(* Let $\mathcal C$ be a VTDAG over a binary signature $\Sigma$, let $m\in\mathbb N$, and let $\bar{\mathcal C}$ (over signature $\bar\Sigma$) be a natural coloring of $\mathcal C$ with respect to $m$. Then for every conjunctive query $\Phi(\bar x,y)$ over $\Sigma$ with $|\bar x|<m$ there exists $n\in\mathbb N$ such that for every element $e$ of $\mathcal C$: $M^{\bar\Sigma}_n(\bar{\mathcal C})\models\exists\bar x\,\Phi(\bar x,q_n(e))$ if and only if $\mathcal C\models\exists\bar x\,\Phi(\bar x,e)$.
   Context: Binary signature: relations of arity at most 2 plus constants; equality atoms $x=c$ allowed in queries. $\mathcal C_{con}$: elements interpreting constants; $\mathcal C_{non}$: the rest. $\mathcal P(e)=\{e\}$ for $e\in\mathcal C_{con}$, and $\mathcal P(e)=\{e\}\cup\{x\in\mathcal C_{non}:\mathcal C\models R(x,e)$ for some binary $R\}$ for $e\in\mathcal C_{non}$. VTDAG: the directed graph on $\mathcal C_{non}$ given by binary atoms is acyclic; for each binary $R$ and $e\in\mathcal C_{non}$ at most one $d\in\mathcal C_{non}$ has $R(d,e)$; for each $e\in\mathcal C_{non}$, any $d,d'\in\mathcal P(e)$ satisfy $d\in\mathcal P(d')$ or $d'\in\mathcal P(d)$. Colors are unary predicates $K^l_h$ (hue $h$, lightness $l$). A coloring of $\mathcal C$ is a structure $\bar{\mathcal C}$ over a finite $\bar\Sigma$ with $\Sigma\subseteq\bar\Sigma\subseteq\Sigma\cup\{K^l_h\}$, restricting to $\mathcal C$ on $\Sigma$, in which each element has exactly one color. $\mathcal P_0(e)=\mathcal P(e)$, $\mathcal P_k(e)=\bigcup_{a\in\mathcal P_{k-1}(e)}\mathcal P(a)$. A coloring is natural (w.r.t. $m$) if: whenever $e'\in\mathcal P_m(e)$, $e'\ne e$, $K^l_h(e)$ and $K^{l'}_{h'}(e')$, then $h\ne h'$; and whenever $K^l_h(e)$ and $K^l_{h'}(e')$ (same lightness), the substructures of $\mathcal C$ on $\mathcal P(e)\cup\mathcal C_{con}$ and on $\mathcal P(e')\cup\mathcal C_{con}$ are isomorphic. Positive types $ptp_n(\bar{\mathcal C},e,\bar\Sigma)$: conjunctive queries $\Psi(\bar x,y)$, $|\bar x|<n$, over $\bar\Sigma$, with $\bar{\mathcal C}\models\exists\bar x\Psi(\bar x,e)$; $\equiv_n$ is equality of these types; $M^{\bar\Sigma}_n(\bar{\mathcal C})$ is the quotient by $\equiv_n$ (a tuple of classes is in $R$ iff some representatives are), and $q_n$ the quotient map. *)

theory Defs
  imports Main
begin

text \<open>A signature is given by a set U of unary relation symbols, a set B of binary
relation symbols and a set Cs of constant symbols.\<close>

record ('e,'u,'b,'c) struc =
  dom  :: "'e set"
  urel :: "'u \<Rightarrow> 'e \<Rightarrow> bool"
  brel :: "'b \<Rightarrow> 'e \<Rightarrow> 'e \<Rightarrow> bool"
  cval :: "'c \<Rightarrow> 'e"

definition struc_wf :: "'u set \<Rightarrow> 'b set \<Rightarrow> 'c set \<Rightarrow> ('e,'u,'b,'c) struc \<Rightarrow> bool" where
  "struc_wf U B Cs A \<longleftrightarrow>
     (\<forall>c\<in>Cs. cval A c \<in> dom A) \<and>
     (\<forall>u\<in>U. \<forall>x. urel A u x \<longrightarrow> x \<in> dom A) \<and>
     (\<forall>R\<in>B. \<forall>x y. brel A R x y \<longrightarrow> x \<in> dom A \<and> y \<in> dom A)"

text \<open>Variables are natural numbers; variable 0 is the distinguished free variable y,
variables 1..k are the existentially quantified variables x-bar (so |x-bar| = k).\<close>

datatype ('u,'b,'c) atom = UAt 'u nat | BAt 'b nat nat | EqC nat 'c

type_synonym ('u,'b,'c) cq = "nat \<times> ('u,'b,'c) atom list"

fun atom_vars :: "('u,'b,'c) atom \<Rightarrow> nat set" where
  "atom_vars (UAt u x) = {x}"
| "atom_vars (BAt R x y) = {x, y}"
| "atom_vars (EqC x c) = {x}"

fun atom_over :: "'u set \<Rightarrow> 'b set \<Rightarrow> 'c set \<Rightarrow> ('u,'b,'c) atom \<Rightarrow> bool" where
  "atom_over U B Cs (UAt u x) = (u \<in> U)"
| "atom_over U B Cs (BAt R x y) = (R \<in> B)"
| "atom_over U B Cs (EqC x c) = (c \<in> Cs)"

definition cq_over :: "'u set \<Rightarrow> 'b set \<Rightarrow> 'c set \<Rightarrow> ('u,'b,'c) cq \<Rightarrow> bool" where
  "cq_over U B Cs Q \<longleftrightarrow>
     (\<forall>a\<in>set (snd Q). atom_over U B Cs a \<and> atom_vars a \<subseteq> {0..fst Q})"

fun atom_holds :: "('e,'u,'b,'c) struc \<Rightarrow> (nat \<Rightarrow> 'e) \<Rightarrow> ('u,'b,'c) atom \<Rightarrow> bool" where
  "atom_holds A v (UAt u x) = urel A u (v x)"
| "atom_holds A v (BAt R x y) = brel A R (v x) (v y)"
| "atom_holds A v (EqC x c) = (v x = cval A c)"

definition holds :: "('e,'u,'b,'c) struc \<Rightarrow> ('u,'b,'c) cq \<Rightarrow> 'e \<Rightarrow> bool" where
  "holds A Q e \<longleftrightarrow>
     (\<exists>v. v 0 = e \<and> (\<forall>i\<in>{1..fst Q}. v i \<in> dom A) \<and> (\<forall>a\<in>set (snd Q). atom_holds A v a))"

definition Ccon :: "'c set \<Rightarrow> ('e,'u,'b,'c) struc \<Rightarrow> 'e set" where
  "Ccon Cs A = cval A ` Cs"

definition Cnon :: "'c set \<Rightarrow> ('e,'u,'b,'c) struc \<Rightarrow> 'e set" where
  "Cnon Cs A = dom A - Ccon Cs A"

definition Pset :: "'b set \<Rightarrow> 'c set \<Rightarrow> ('e,'u,'b,'c) struc \<Rightarrow> 'e \<Rightarrow> 'e set" where
  "Pset B Cs A e =
     (if e \<in> Ccon Cs A then {e}
      else {e} \<union> {x \<in> Cnon Cs A. \<exists>R\<in>B. brel A R x e})"

fun Pk :: "'b set \<Rightarrow> 'c set \<Rightarrow> ('e,'u,'b,'c) struc \<Rightarrow> nat \<Rightarrow> 'e \<Rightarrow> 'e set" where
  "Pk B Cs A 0 e = Pset B Cs A e"
| "Pk B Cs A (Suc k) e = (\<Union>a\<in>Pk B Cs A k e. Pset B Cs A a)"

definition vtdag :: "'u set \<Rightarrow> 'b set \<Rightarrow> 'c set \<Rightarrow> ('e,'u,'b,'c) struc \<Rightarrow> bool" where
  "vtdag U B Cs A \<longleftrightarrow>
     struc_wf U B Cs A \<and>
     acyclic {(d, e). d \<in> Cnon Cs A \<and> e \<in> Cnon Cs A \<and> (\<exists>R\<in>B. brel A R d e)} \<and>
     (\<forall>R\<in>B. \<forall>e\<in>Cnon Cs A. \<forall>d\<in>Cnon Cs A. \<forall>d'\<in>Cnon Cs A.
         brel A R d e \<and> brel A R d' e \<longrightarrow> d = d') \<and>
     (\<forall>e\<in>Cnon Cs A. \<forall>d\<in>Pset B Cs A e. \<forall>d'\<in>Pset B Cs A e.
         d \<in> Pset B Cs A d' \<or> d' \<in> Pset B Cs A d)"

definition iso_substr :: "'u set \<Rightarrow> 'b set \<Rightarrow> 'c set \<Rightarrow> ('e,'u,'b,'c) struc \<Rightarrow> 'e set \<Rightarrow> 'e set \<Rightarrow> bool" where
  "iso_substr U B Cs A S T \<longleftrightarrow>
     (\<exists>f. bij_betw f S T \<and>
          (\<forall>u\<in>U. \<forall>x\<in>S. urel A u x \<longleftrightarrow> urel A u (f x)) \<and>
          (\<forall>R\<in>B. \<forall>x\<in>S. \<forall>y\<in>S. brel A R x y \<longleftrightarrow> brel A R (f x) (f y)) \<and>
          (\<forall>c\<in>Cs. f (cval A c) = cval A c))"

text \<open>Colored unary symbols: Inl u for u in Sigma, Inr (h, l) for the
color K^l_h (hue h, lightness l). K is the (finite) set of colors in Sigma-bar.\<close>

definition coloring ::
  "'u set \<Rightarrow> 'b set \<Rightarrow> 'c set \<Rightarrow> ('e,'u,'b,'c) struc \<Rightarrow> (nat \<times> nat) set
     \<Rightarrow> ('e,'u + nat \<times> nat,'b,'c) struc \<Rightarrow> bool" where
  "coloring U B Cs A K Ab \<longleftrightarrow>
     finite U \<and> finite B \<and> finite Cs \<and> finite K \<and>
     dom Ab = dom A \<and>
     (\<forall>u\<in>U. \<forall>x. urel Ab (Inl u) x = urel A u x) \<and>
     (\<forall>R\<in>B. \<forall>x y. brel Ab R x y = brel A R x y) \<and>
     (\<forall>c\<in>Cs. cval Ab c = cval A c) \<and>
     (\<forall>hl\<in>K. \<forall>x. urel Ab (Inr hl) x \<longrightarrow> x \<in> dom A) \<and>
     (\<forall>e\<in>dom A. \<exists>!hl. hl \<in> K \<and> urel Ab (Inr hl) e)"

definition natural_coloring ::
  "'u set \<Rightarrow> 'b set \<Rightarrow> 'c set \<Rightarrow> ('e,'u,'b,'c) struc \<Rightarrow> (nat \<times> nat) set
     \<Rightarrow> ('e,'u + nat \<times> nat,'b,'c) struc \<Rightarrow> nat \<Rightarrow> bool" where
  "natural_coloring U B Cs A K Ab m \<longleftrightarrow>
     coloring U B Cs A K Ab \<and>
     (\<forall>e\<in>dom A. \<forall>e'\<in>dom A. \<forall>h l h' l'.
        e' \<in> Pk B Cs A m e \<and> e' \<noteq> e \<and> (h, l) \<in> K \<and> (h', l') \<in> K \<and>
        urel Ab (Inr (h, l)) e \<and> urel Ab (Inr (h', l')) e' \<longrightarrow> h \<noteq> h') \<and>
     (\<forall>e\<in>dom A. \<forall>e'\<in>dom A. \<forall>h h' l.
        (h, l) \<in> K \<and> (h', l) \<in> K \<and>
        urel Ab (Inr (h, l)) e \<and> urel Ab (Inr (h', l)) e' \<longrightarrow>
        iso_substr U B Cs A (Pset B Cs A e \<union> Ccon Cs A) (Pset B Cs A e' \<union> Ccon Cs A))"

text \<open>Sigma-bar has unary symbols Inl ` U \<union> Inr ` K, binary symbols B, constants Cs.\<close>

definition ptp :: "'u set \<Rightarrow> 'b set \<Rightarrow> 'c set \<Rightarrow> (nat \<times> nat) set \<Rightarrow> nat
    \<Rightarrow> ('e,'u + nat \<times> nat,'b,'c) struc \<Rightarrow> 'e \<Rightarrow> ('u + nat \<times> nat,'b,'c) cq set" where
  "ptp U B Cs K n Ab e =
     {Q. cq_over (Inl ` U \<union> Inr ` K) B Cs Q \<and> fst Q < n \<and> holds Ab Q e}"

definition qn :: "'u set \<Rightarrow> 'b set \<Rightarrow> 'c set \<Rightarrow> (nat \<times> nat) set \<Rightarrow> nat
    \<Rightarrow> ('e,'u + nat \<times> nat,'b,'c) struc \<Rightarrow> 'e \<Rightarrow> 'e set" where
  "qn U B Cs K n Ab e = {e' \<in> dom Ab. ptp U B Cs K n Ab e' = ptp U B Cs K n Ab e}"

definition quot :: "'u set \<Rightarrow> 'b set \<Rightarrow> 'c set \<Rightarrow> (nat \<times> nat) set \<Rightarrow> nat
    \<Rightarrow> ('e,'u + nat \<times> nat,'b,'c) struc \<Rightarrow> ('e set,'u + nat \<times> nat,'b,'c) struc" where
  "quot U B Cs K n Ab =
     \<lparr> dom = qn U B Cs K n Ab ` dom Ab,
       urel = (\<lambda>u X. \<exists>x\<in>X. urel Ab u x),
       brel = (\<lambda>R X Y. \<exists>x\<in>X. \<exists>y\<in>Y. brel Ab R x y),
       cval = (\<lambda>c. qn U B Cs K n Ab (cval Ab c)) \<rparr>"

definition lift_cq :: "('u,'b,'c) cq \<Rightarrow> ('u + nat \<times> nat,'b,'c) cq" where
  "lift_cq Q = (fst Q, map (map_atom Inl id id) (snd Q))"

end

theory Submission
  imports Defs
begin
_ _ _ _ _ _ _
Set down, from the entries above, exactly the lines from the one with "brel A R d e \<and>" up to and including the one with "d \<in> Pset", and no other lines.

         brel A R d e \<and> brel A R d' e \<longrightarrow> d = d') \<and>
     (\<forall>e\<in>Cnon Cs A. \<forall>d\<in>Pset B Cs A e. \<forall>d'\<in>Pset B Cs A e.
         d \<in> Pset B Cs A d' \<or> d' \<in> Pset B Cs A d)"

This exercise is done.